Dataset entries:
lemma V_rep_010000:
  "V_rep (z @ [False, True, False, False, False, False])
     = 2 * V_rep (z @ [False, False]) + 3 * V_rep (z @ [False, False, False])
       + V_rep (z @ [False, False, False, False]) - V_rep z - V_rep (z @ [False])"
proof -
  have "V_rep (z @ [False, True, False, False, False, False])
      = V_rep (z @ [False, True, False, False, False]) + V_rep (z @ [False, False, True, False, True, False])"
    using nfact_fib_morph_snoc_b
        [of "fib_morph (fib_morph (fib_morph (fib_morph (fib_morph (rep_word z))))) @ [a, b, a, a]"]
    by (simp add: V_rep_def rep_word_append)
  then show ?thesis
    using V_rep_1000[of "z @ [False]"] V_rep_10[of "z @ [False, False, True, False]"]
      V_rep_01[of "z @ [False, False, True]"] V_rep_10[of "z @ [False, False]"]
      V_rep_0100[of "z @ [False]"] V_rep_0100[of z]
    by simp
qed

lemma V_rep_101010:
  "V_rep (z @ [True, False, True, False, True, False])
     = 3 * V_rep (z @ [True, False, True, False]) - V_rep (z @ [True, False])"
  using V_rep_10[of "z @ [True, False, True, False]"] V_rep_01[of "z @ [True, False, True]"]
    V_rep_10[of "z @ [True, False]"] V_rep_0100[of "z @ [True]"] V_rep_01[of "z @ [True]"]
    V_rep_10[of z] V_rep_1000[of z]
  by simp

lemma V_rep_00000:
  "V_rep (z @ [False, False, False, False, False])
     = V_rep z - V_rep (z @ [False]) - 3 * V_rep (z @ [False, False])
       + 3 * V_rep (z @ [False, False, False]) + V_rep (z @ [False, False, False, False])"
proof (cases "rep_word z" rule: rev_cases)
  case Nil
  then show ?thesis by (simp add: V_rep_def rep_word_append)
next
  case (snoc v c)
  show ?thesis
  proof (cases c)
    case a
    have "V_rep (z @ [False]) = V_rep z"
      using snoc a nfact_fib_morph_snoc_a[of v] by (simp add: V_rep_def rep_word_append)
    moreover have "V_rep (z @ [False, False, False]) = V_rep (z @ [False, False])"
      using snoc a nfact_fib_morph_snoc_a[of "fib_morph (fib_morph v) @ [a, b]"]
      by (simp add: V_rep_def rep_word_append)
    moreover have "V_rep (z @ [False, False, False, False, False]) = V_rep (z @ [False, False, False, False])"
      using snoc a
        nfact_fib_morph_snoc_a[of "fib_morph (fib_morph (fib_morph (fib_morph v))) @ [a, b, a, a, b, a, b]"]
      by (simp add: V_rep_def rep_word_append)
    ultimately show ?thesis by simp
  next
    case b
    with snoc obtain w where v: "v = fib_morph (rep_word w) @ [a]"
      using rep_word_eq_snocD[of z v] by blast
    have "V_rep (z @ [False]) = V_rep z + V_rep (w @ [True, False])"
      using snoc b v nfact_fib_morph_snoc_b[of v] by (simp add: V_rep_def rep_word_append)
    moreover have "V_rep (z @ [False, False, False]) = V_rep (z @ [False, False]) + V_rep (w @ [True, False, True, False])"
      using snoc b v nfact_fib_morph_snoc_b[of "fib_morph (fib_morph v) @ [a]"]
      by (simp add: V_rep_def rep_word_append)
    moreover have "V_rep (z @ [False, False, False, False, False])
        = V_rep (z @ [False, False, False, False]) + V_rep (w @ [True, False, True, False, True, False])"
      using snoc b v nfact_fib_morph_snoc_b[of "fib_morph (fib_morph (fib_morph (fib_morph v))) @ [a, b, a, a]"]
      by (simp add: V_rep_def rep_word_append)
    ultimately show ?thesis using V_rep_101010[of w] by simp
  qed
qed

* * *

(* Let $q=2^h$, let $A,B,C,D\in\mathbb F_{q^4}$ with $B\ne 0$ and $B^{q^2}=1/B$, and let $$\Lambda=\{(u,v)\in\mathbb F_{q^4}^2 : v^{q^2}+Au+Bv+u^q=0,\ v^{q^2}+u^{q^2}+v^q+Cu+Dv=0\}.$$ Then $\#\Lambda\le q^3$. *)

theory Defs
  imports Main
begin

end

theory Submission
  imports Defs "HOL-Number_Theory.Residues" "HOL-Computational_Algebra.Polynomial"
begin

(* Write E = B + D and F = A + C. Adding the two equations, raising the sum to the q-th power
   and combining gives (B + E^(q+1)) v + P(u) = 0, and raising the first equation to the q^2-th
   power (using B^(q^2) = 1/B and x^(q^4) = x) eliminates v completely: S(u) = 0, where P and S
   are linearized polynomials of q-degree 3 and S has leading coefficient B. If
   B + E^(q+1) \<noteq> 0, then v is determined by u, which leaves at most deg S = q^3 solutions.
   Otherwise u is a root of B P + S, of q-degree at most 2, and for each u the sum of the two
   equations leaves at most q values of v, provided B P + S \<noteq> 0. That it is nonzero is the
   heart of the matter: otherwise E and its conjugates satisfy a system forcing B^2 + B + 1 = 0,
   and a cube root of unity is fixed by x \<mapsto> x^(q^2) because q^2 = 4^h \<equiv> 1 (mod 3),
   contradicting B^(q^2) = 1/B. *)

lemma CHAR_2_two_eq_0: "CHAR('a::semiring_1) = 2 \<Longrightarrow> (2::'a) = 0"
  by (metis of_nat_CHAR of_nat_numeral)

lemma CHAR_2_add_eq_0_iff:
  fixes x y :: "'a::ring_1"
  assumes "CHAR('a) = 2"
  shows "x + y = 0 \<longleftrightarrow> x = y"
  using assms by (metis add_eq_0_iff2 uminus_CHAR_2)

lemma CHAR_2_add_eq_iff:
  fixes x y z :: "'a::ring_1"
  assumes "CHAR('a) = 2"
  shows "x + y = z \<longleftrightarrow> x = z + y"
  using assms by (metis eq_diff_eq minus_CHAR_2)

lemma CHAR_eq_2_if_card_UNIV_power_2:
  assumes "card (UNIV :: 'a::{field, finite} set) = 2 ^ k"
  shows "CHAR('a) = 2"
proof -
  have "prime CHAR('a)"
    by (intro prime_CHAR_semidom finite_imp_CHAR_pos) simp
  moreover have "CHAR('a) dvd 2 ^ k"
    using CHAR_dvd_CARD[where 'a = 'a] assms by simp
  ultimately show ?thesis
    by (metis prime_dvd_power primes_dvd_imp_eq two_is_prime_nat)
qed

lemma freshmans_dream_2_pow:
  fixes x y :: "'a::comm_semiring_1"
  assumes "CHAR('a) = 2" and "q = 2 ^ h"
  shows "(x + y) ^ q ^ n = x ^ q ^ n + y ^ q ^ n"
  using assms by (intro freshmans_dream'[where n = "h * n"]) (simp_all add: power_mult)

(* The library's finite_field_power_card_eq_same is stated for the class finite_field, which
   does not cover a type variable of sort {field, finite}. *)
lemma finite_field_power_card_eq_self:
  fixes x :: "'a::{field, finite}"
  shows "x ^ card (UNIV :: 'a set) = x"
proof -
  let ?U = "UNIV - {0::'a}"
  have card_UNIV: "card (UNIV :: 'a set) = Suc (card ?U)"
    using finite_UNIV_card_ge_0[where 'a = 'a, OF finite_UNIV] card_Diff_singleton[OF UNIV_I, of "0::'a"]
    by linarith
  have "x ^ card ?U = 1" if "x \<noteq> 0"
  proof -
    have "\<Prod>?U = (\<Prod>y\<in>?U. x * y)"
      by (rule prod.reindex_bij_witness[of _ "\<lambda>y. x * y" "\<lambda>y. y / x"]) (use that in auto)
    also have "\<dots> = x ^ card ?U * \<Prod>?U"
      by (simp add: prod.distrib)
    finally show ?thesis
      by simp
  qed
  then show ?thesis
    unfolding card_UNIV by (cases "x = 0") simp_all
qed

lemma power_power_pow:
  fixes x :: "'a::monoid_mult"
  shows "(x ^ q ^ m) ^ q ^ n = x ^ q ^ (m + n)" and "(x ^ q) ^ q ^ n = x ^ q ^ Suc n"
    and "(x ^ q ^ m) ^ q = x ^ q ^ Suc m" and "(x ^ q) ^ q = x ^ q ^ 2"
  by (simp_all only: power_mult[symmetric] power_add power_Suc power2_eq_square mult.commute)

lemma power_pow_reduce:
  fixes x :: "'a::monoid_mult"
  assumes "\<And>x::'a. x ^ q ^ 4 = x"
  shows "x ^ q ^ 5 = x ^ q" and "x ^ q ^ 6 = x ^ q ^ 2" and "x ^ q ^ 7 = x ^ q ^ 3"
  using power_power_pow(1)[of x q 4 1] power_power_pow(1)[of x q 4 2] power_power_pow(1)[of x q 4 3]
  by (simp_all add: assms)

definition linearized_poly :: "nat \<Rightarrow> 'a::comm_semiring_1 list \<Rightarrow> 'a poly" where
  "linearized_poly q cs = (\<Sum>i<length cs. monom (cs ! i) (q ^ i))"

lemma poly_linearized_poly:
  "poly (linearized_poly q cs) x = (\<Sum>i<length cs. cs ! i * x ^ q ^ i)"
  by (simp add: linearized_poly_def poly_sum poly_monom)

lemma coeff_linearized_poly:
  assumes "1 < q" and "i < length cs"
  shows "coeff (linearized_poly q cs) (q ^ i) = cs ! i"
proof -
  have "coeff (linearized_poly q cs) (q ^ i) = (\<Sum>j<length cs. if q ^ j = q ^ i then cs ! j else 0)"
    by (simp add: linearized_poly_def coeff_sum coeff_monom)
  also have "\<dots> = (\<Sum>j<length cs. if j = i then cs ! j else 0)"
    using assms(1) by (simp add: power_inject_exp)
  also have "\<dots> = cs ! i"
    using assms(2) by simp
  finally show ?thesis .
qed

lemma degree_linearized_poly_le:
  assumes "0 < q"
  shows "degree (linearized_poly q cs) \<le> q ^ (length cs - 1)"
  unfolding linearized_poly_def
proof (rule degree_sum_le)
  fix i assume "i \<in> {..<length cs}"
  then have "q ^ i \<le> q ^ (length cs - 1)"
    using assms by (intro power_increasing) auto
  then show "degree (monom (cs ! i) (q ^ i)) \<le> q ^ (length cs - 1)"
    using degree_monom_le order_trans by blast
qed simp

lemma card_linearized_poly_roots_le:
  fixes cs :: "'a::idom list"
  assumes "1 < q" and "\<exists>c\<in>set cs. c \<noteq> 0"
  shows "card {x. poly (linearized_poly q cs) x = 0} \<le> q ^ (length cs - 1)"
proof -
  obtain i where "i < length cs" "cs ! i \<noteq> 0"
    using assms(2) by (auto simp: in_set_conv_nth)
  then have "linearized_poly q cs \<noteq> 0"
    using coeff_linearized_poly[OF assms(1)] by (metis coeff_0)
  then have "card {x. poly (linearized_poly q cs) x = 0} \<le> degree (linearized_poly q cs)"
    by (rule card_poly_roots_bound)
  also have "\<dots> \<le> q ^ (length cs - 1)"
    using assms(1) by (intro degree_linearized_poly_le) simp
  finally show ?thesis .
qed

--

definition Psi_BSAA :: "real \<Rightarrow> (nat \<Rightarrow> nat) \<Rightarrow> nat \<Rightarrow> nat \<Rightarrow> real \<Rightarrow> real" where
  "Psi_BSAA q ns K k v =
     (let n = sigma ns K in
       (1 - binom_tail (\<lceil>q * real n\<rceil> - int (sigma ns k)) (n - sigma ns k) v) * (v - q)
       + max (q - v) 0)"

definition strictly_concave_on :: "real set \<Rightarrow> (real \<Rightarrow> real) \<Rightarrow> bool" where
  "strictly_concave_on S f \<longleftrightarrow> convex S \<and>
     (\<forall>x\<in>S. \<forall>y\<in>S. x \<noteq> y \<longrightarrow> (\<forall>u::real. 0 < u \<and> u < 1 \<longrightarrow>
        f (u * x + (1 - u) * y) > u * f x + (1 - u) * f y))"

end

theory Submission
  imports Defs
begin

▸ **Problem requirements**
Using only the entries above, output the line with "by (intro prime_CHAR_semidom", the line with "q = x ^ q ^ Suc", and all lines between them, exactly as they stand.

▸ **Exercise response**
    by (intro prime_CHAR_semidom finite_imp_CHAR_pos) simp
  moreover have "CHAR('a) dvd 2 ^ k"
    using CHAR_dvd_CARD[where 'a = 'a] assms by simp
  ultimately show ?thesis
    by (metis prime_dvd_power primes_dvd_imp_eq two_is_prime_nat)
qed

lemma freshmans_dream_2_pow:
  fixes x y :: "'a::comm_semiring_1"
  assumes "CHAR('a) = 2" and "q = 2 ^ h"
  shows "(x + y) ^ q ^ n = x ^ q ^ n + y ^ q ^ n"
  using assms by (intro freshmans_dream'[where n = "h * n"]) (simp_all add: power_mult)

(* The library's finite_field_power_card_eq_same is stated for the class finite_field, which
   does not cover a type variable of sort {field, finite}. *)
lemma finite_field_power_card_eq_self:
  fixes x :: "'a::{field, finite}"
  shows "x ^ card (UNIV :: 'a set) = x"
proof -
  let ?U = "UNIV - {0::'a}"
  have card_UNIV: "card (UNIV :: 'a set) = Suc (card ?U)"
    using finite_UNIV_card_ge_0[where 'a = 'a, OF finite_UNIV] card_Diff_singleton[OF UNIV_I, of "0::'a"]
    by linarith
  have "x ^ card ?U = 1" if "x \<noteq> 0"
  proof -
    have "\<Prod>?U = (\<Prod>y\<in>?U. x * y)"
      by (rule prod.reindex_bij_witness[of _ "\<lambda>y. x * y" "\<lambda>y. y / x"]) (use that in auto)
    also have "\<dots> = x ^ card ?U * \<Prod>?U"
      by (simp add: prod.distrib)
    finally show ?thesis
      by simp
  qed
  then show ?thesis
    unfolding card_UNIV by (cases "x = 0") simp_all
qed

lemma power_power_pow:
  fixes x :: "'a::monoid_mult"
  shows "(x ^ q ^ m) ^ q ^ n = x ^ q ^ (m + n)" and "(x ^ q) ^ q ^ n = x ^ q ^ Suc n"
    and "(x ^ q ^ m) ^ q = x ^ q ^ Suc m" and "(x ^ q) ^ q = x ^ q ^ 2"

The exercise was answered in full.